Some Democrats are showing their support for Proposition 36, a tough-on-crime ballot measure that would give repeat drug offenders the chance to enter treatment instead of serving jail time.

Sen. Nancy Skinner (D-Berkeley), a member of the Progressive Caucus and fervent criminal justice reform advocate, supports the legislative package and has also been an outspoken opponent of the ballot measure.

“Sure, there was a bit of an uptick in crime after the pandemic,” said Skinner, referring to modest increases in property crimes after 2020, which saw the lowest level in decades. “It completely disrupted all of us. Of course, we had disruption. Now what do we see? Less crime, less addiction, less drug use. It is not the time.”

Proposition 36 would impose stricter sentences for repetitive theft and offenses involving the deadly drug fentanyl. Specifically, a person who commits property theft for a third time, regardless of the value of merchandise stolen, could be charged with either a misdemeanor or a felony. The measure will also allow judges to sentence convicted drug dealers who traffic in large quantities of hard drugs, including fentanyl, or who are armed with a firearm while trafficking the drugs, to state prison instead of county jails.
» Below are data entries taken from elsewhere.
lemma set_integral_by_parts_indefinite:
  fixes E E' g :: "real \<Rightarrow> real"
  assumes ab: "a \<le> b" and g: "set_integrable lborel {a..b} g"
    and E: "\<And>s. s \<in> {a..b} \<Longrightarrow> (E has_real_derivative E' s) (at s within {a..b})"
    and E': "continuous_on {a..b} E'"
  shows "(LINT s:{a..b}|lborel. E s * g s)
       = E b * (LINT s:{a..b}|lborel. g s) - (LINT s:{a..b}|lborel. E' s * (LINT r:{a..s}|lborel. g r))"
proof -
  have cE: "continuous_on {a..b} E"
    using E by (meson DERIV_continuous continuous_on_eq_continuous_within)
  have "(LINT s:{a..b}|lborel. E' s * (LINT r:{a..s}|lborel. g r))
      = (LINT r:{a..b}|lborel. g r * (LINT s:{r..b}|lborel. E' s))"
    by (rule set_integral_indefinite_swap[OF borel_integrable_atLeastAtMost'[OF E'] g])
  also have "\<dots> = (LINT r:{a..b}|lborel. E b * g r - E r * g r)"
  proof (intro set_lebesgue_integral_cong allI impI)
    fix r assume r: "r \<in> {a..b}"
    have "(LINT s:{r..b}|lborel. E' s) = E b - E r"
    proof (rule set_integral_FTC_Icc)
      show "(E has_real_derivative E' s) (at s within {r..b})" if "s \<in> {r..b}" for s
        using r that by (intro has_field_derivative_subset[OF E]) auto
      show "continuous_on {r..b} E'"
        using r by (intro continuous_on_subset[OF E']) auto
    qed (use r in auto)
    then show "g r * (LINT s:{r..b}|lborel. E' s) = E b * g r - E r * g r"
      by (simp only: right_diff_distrib mult.commute)
  qed simp
  also have "\<dots> = E b * (LINT s:{a..b}|lborel. g s) - (LINT s:{a..b}|lborel. E s * g s)"
    using g set_integrable_continuous_mult_Icc[OF cE g] by simp
  finally show ?thesis
    by simp
qed

text \<open>
  The inner integral \<open>Y s\<close> solves \<open>Y' + c Y = g\<close>, \<open>Y a = 0\<close>; the identity is integration by
  parts in \<open>\<integral> E (Y' + c Y)\<close>.
\<close>

lemma set_integral_by_parts_resolvent:
  fixes E E' g :: "real \<Rightarrow> real" and c :: real
  assumes ab: "a \<le> b" and g: "set_integrable lborel {a..b} g"
    and E: "\<And>s. s \<in> {a..b} \<Longrightarrow> (E has_real_derivative E' s) (at s within {a..b})"
    and E': "continuous_on {a..b} E'"
  shows "(LINT s:{a..b}|lborel. E s * g s)
       = E b * (LINT s:{a..b}|lborel. exp (- c * (b - s)) * g s)
         - (LINT s:{a..b}|lborel. (E' s - c * E s) * (LINT r:{a..s}|lborel. exp (- c * (s - r)) * g r))"
proof -
  have exp_split: "exp (- c * (s - r)) = exp (- c * s) * exp (c * r)" for s r
    by (simp add: algebra_simps flip: exp_add)
  have cE: "continuous_on {a..b} E"
    using E by (meson DERIV_continuous continuous_on_eq_continuous_within)
  have "(LINT s:{a..b}|lborel. E s * g s)
      = (LINT s:{a..b}|lborel. (E s * exp (- c * s)) * (exp (c * s) * g s))"
  proof (intro set_lebesgue_integral_cong allI impI)
    fix s
    have "(E s * exp (- c * s)) * (exp (c * s) * g s) = E s * (exp (- c * s) * exp (c * s)) * g s"
      by (simp only: mult_ac)
    then show "E s * g s = (E s * exp (- c * s)) * (exp (c * s) * g s)"
      by (simp flip: exp_add)
  qed simp
  also have "\<dots> = (E b * exp (- c * b)) * (LINT s:{a..b}|lborel. exp (c * s) * g s)
      - (LINT s:{a..b}|lborel. ((E' s - c * E s) * exp (- c * s)) * (LINT r:{a..s}|lborel. exp (c * r) * g r))"
  proof (rule set_integral_by_parts_indefinite[OF ab])
    show "set_integrable lborel {a..b} (\<lambda>s. exp (c * s) * g s)"
      by (intro set_integrable_continuous_mult_Icc g continuous_intros)
    show "((\<lambda>s. E s * exp (- c * s)) has_real_derivative (E' s - c * E s) * exp (- c * s)) (at s within {a..b})"
      if "s \<in> {a..b}" for s
      by (auto intro!: derivative_eq_intros E[OF that] simp: algebra_simps)
    show "continuous_on {a..b} (\<lambda>s. (E' s - c * E s) * exp (- c * s))"
      by (intro continuous_intros E' cE)
  qed
  also have "\<dots> = E b * (LINT s:{a..b}|lborel. exp (- c * (b - s)) * g s)
      - (LINT s:{a..b}|lborel. (E' s - c * E s) * (LINT r:{a..s}|lborel. exp (- c * (s - r)) * g r))"
    unfolding exp_split by (simp add: mult_ac flip: set_integral_mult_right)
  finally show ?thesis .
qed
(* Let $n\ge2$ and let $X_1,\dots,X_n$ be real-valued mutually independent random variables with $X_{n:n}=\max_i X_i\in\mathcal{L}$. Suppose either (a) $X_{n:n}\in\mathrm{GMDA}(h)\cap\mathcal{L}$ for some positive $h$ and $$\lim_{x\to\infty}\frac{\mathbb{P}(X_i>Lh(x))\,\mathbb{P}(X_j>Lh(x))}{\mathbb{P}(X_{n:n}>x)}=0\ \text{for all }1\le i\ne j\le n\text{ and some }L>0,\qquad(\dagger)$$ or (b) there exists $h\in\mathcal{H}^\ast_{X_{n:n}}$ such that $(\dagger)$ holds. Then $\mathbb{P}\big(\sum_{i=1}^nX_i>x\big)\sim\sum_{i=1}^n\mathbb{P}(X_i>x)$ as $x\to\infty$.
   Context: Real-valued random variables are assumed not concentrated on $(-\infty,0]$. For a distribution function $F$, $\overline{F}=1-F$, $x_F=\sup\{x:F(x)<1\}$. $F\in\mathrm{GMDA}(h)$ means $\lim_{x\to x_F}\overline{F}(x+yh(x))/\overline{F}(x)=e^{-y}$ for all $y\in\mathbb{R}$. $F\in\mathcal{L}$ means $\overline{F}(x)>0$ for all $x\ge0$ and $\overline{F}(x+y)\sim\overline{F}(x)$ for every $y\in\mathbb{R}$. For $F\in\mathcal{L}$, $\mathcal{H}_F$ is the set of eventually positive $h$ with $h(x)=o(x)$, $\overline{F}(x+yh(x))\sim\overline{F}(x)$ for all $y\in\mathbb{R}$, and $\limsup_{x\to\infty}h(x+yh(x))/h(x)<\infty$ for all $y\in\mathbb{R}$; $\mathcal{H}^\ast_F=\{h\in\mathcal{H}_F:h(x)\to\infty\}$. *)

theory Defs
  imports "HOL-Probability.Probability" "HOL-Library.Landau_Symbols"
begin

definition tail :: "'a measure \<Rightarrow> ('a \<Rightarrow> real) \<Rightarrow> real \<Rightarrow> real" where
  "tail M Y x = measure M {\<omega> \<in> space M. Y \<omega> > x}"

definition right_endpoint :: "(real \<Rightarrow> real) \<Rightarrow> ereal" where
  "right_endpoint Fbar = Sup {ereal x | x. Fbar x > 0}"

definition endpoint_filter :: "(real \<Rightarrow> real) \<Rightarrow> real filter" where
  "endpoint_filter Fbar =
     (if right_endpoint Fbar = \<infinity> then at_top
      else at_left (real_of_ereal (right_endpoint Fbar)))"

definition GMDA :: "(real \<Rightarrow> real) \<Rightarrow> (real \<Rightarrow> real) \<Rightarrow> bool" where
  "GMDA Fbar h \<longleftrightarrow>
     (\<forall>y::real. ((\<lambda>x. Fbar (x + y * h x) / Fbar x) \<longlongrightarrow> exp (- y)) (endpoint_filter Fbar))"

definition long_tailed :: "(real \<Rightarrow> real) \<Rightarrow> bool" where
  "long_tailed Fbar \<longleftrightarrow>
     (\<forall>x\<ge>0. Fbar x > 0) \<and> (\<forall>y::real. (\<lambda>x. Fbar (x + y)) \<sim>[at_top] Fbar)"

definition H_class :: "(real \<Rightarrow> real) \<Rightarrow> (real \<Rightarrow> real) set" where
  "H_class Fbar = {h. eventually (\<lambda>x. h x > 0) at_top
      \<and> h \<in> o[at_top](\<lambda>x. x)
      \<and> (\<forall>y::real. (\<lambda>x. Fbar (x + y * h x)) \<sim>[at_top] Fbar)
      \<and> (\<forall>y::real. Limsup at_top (\<lambda>x. ereal (h (x + y * h x) / h x)) < \<infinity>)}"

definition H_star :: "(real \<Rightarrow> real) \<Rightarrow> (real \<Rightarrow> real) set" where
  "H_star Fbar = {h \<in> H_class Fbar. filterlim h at_top at_top}"

end

theory Submission
  imports Defs
begin

text \<open>Write F for the tail of the maximum. By Bonferroni's inequality and independence,
  \<open>\<Sum>i P(X\<^sub>i > x)\<close> differs from F(x) by at most
  \<open>\<Sum>i\<noteq>j P(X\<^sub>i > x) P(X\<^sub>j > x)\<close>, which is o(F(x)) by the pair condition,
  so it suffices to show \<open>P(\<Sum>X\<^sub>i > x) \<sim> F(x)\<close>.
  Lower bound: one summand above x + nK with all others at least -K forces the sum above x;
  long-tailedness absorbs the shift nK, and the probability of some other summand being
  below -K is small for large K.
  Upper bound: if the sum exceeds x, then either two summands exceed g(x) = L h(x)
  (probability o(F(x))), or the maximum exceeds x - (n-1)K (probability \<sim> F(x)), or one
  summand exceeds x - (n-1)g(x) while another exceeds K. The last event has probability
  at most \<open>n F(x - n g(x)) \<Sum>j P(X\<^sub>j > K) \<le> n B F(x) \<Sum>j P(X\<^sub>j > K)\<close>, where
  the bound \<open>F(x - c h(x)) \<le> B F(x)\<close> is what either GMDA(h) or h \<in> H provides;
  it is small relative to F(x) once K is large.\<close>

section \<open>Tail functions\<close>

context prob_space
begin

lemma tail_nonneg: "0 \<le> tail M Y x"
  unfolding tail_def by simp

lemma tail_antimono:
  assumes "Y \<in> borel_measurable M" "x \<le> y"
  shows "tail M Y y \<le> tail M Y x"
  unfolding tail_def using assms by (intro finite_measure_mono) auto

lemma tail_tendsto_0:
  assumes Y: "Y \<in> borel_measurable M"
  shows "(tail M Y \<longlongrightarrow> 0) at_top"
proof -
  have "(\<lambda>k. measure M {\<omega>\<in>space M. Y \<omega> > real k})
          \<longlonglongrightarrow> measure M (\<Inter>k. {\<omega>\<in>space M. Y \<omega> > real k})"
    using Y by (intro finite_Lim_measure_decseq) (auto simp: decseq_def)
  also have "(\<Inter>k. {\<omega>\<in>space M. Y \<omega> > real k}) = {}"
    by auto (meson linorder_not_less real_arch_simple)
  finally have "(\<lambda>k. - tail M Y (real k)) \<longlonglongrightarrow> - 0"
    unfolding tail_def by (intro tendsto_minus) simp
  then have "((\<lambda>x. - tail M Y x) \<longlongrightarrow> - 0) at_top"
    by (rule tendsto_at_topI_sequentially_real[rotated])
      (auto simp: mono_def intro: tail_antimono[OF Y])
  then show ?thesis
    using tendsto_minus_cancel by fastforce
qed

lemma prob_indep_pair:
  assumes "indep_vars (\<lambda>_. borel) X I" "i \<in> I" "j \<in> I" "i \<noteq> j"
    and "A \<in> sets borel" "B \<in> sets borel"
  shows "prob {\<omega>\<in>space M. X i \<omega> \<in> A \<and> X j \<omega> \<in> B}
           = prob {\<omega>\<in>space M. X i \<omega> \<in> A} * prob {\<omega>\<in>space M. X j \<omega> \<in> B}"
proof -
  define C where "C k = (if k = i then A else B)" for k
  have "prob (\<Inter>k\<in>{i, j}. X k -` C k \<inter> space M) = (\<Prod>k\<in>{i, j}. prob (X k -` C k \<inter> space M))"
    using assms by (intro indep_varsD) (auto simp: C_def)
  moreover have "(\<Inter>k\<in>{i, j}. X k -` C k \<inter> space M) = {\<omega>\<in>space M. X i \<omega> \<in> A \<and> X j \<omega> \<in> B}"
    using assms(4) by (auto simp: C_def)
  ultimately show ?thesis
    using assms(4) by (simp add: C_def vimage_def Int_def conj_commute)
qed

lemma sum_prob_le_prob_Union_plus_pairs:
  assumes "finite I" "B ` I \<subseteq> events"
  shows "(\<Sum>i\<in>I. prob (B i))
           \<le> prob (\<Union>i\<in>I. B i) + (\<Sum>i\<in>I. \<Sum>j\<in>I-{i}. prob (B i \<inter> B j))"
proof -
  define C where "C i = B i - (\<Union>j\<in>I-{i}. B j)" for i
  have C: "C ` I \<subseteq> events" "disjoint_family_on C I"
    using assms unfolding C_def disjoint_family_on_def by auto
  have "prob (B i) \<le> prob (C i) + (\<Sum>j\<in>I-{i}. prob (B i \<inter> B j))" if i: "i \<in> I" for i
  proof -
    have U: "(\<Union>j\<in>I-{i}. B i \<inter> B j) \<in> events"
      using assms i by (intro sets.finite_UN) auto
    have "prob (B i) \<le> prob (C i \<union> (\<Union>j\<in>I-{i}. B i \<inter> B j))"
      using assms C i U by (intro finite_measure_mono) (auto simp: C_def)
    also have "\<dots> \<le> prob (C i) + prob (\<Union>j\<in>I-{i}. B i \<inter> B j)"
      using C i U by (intro measure_subadditive) auto
    also have "prob (\<Union>j\<in>I-{i}. B i \<inter> B j) \<le> (\<Sum>j\<in>I-{i}. prob (B i \<inter> B j))"
      using assms i by (intro finite_measure_subadditive_finite) auto
    finally show ?thesis by simp
  qed
  then have "(\<Sum>i\<in>I. prob (B i)) \<le> (\<Sum>i\<in>I. prob (C i) + (\<Sum>j\<in>I-{i}. prob (B i \<inter> B j)))"
    by (rule sum_mono)
  also have "\<dots> = prob (\<Union>i\<in>I. C i) + (\<Sum>i\<in>I. \<Sum>j\<in>I-{i}. prob (B i \<inter> B j))"
    using assms(1) C by (simp add: sum.distrib finite_measure_finite_Union)
  also have "prob (\<Union>i\<in>I. C i) \<le> prob (\<Union>i\<in>I. B i)"
    using assms by (intro finite_measure_mono) (auto simp: C_def)
  finally show ?thesis by simp
qed

lemma prob_Union_pairs_le:
  assumes "finite I" "\<And>i j. i \<in> I \<Longrightarrow> j \<in> I \<Longrightarrow> E i j \<in> events"
  shows "prob (\<Union>i\<in>I. \<Union>j\<in>I-{i}. E i j) \<le> (\<Sum>i\<in>I. \<Sum>j\<in>I-{i}. prob (E i j))"
proof -
  have "prob (\<Union>i\<in>I. \<Union>j\<in>I-{i}. E i j) \<le> (\<Sum>i\<in>I. prob (\<Union>j\<in>I-{i}. E i j))"
    using assms by (intro finite_measure_subadditive_finite) auto
  also have "\<dots> \<le> (\<Sum>i\<in>I. \<Sum>j\<in>I-{i}. prob (E i j))"
    using assms by (intro sum_mono finite_measure_subadditive_finite) auto
  finally show ?thesis .
qed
The ballot measure is projected to cost anywhere from tens of millions to hundreds of millions of dollars annually, according to the nonpartisan Legislative Analyst’s Office. A majority of likely California voters — 56% — say they would support Proposition 36, with the strongest support among conservative and moderate voters, according to a new UC Berkeley Institute of Governmental Studies poll co-sponsored by The Times.

Skinner, Bryan and other progressive Democrats at Monday’s news conference called the prosecutor-led ballot measure an expensive solution to a problem that has already improved on its own. Instead, they are asking to allocate state funds for education and community programs to help reduce the chances of incarceration.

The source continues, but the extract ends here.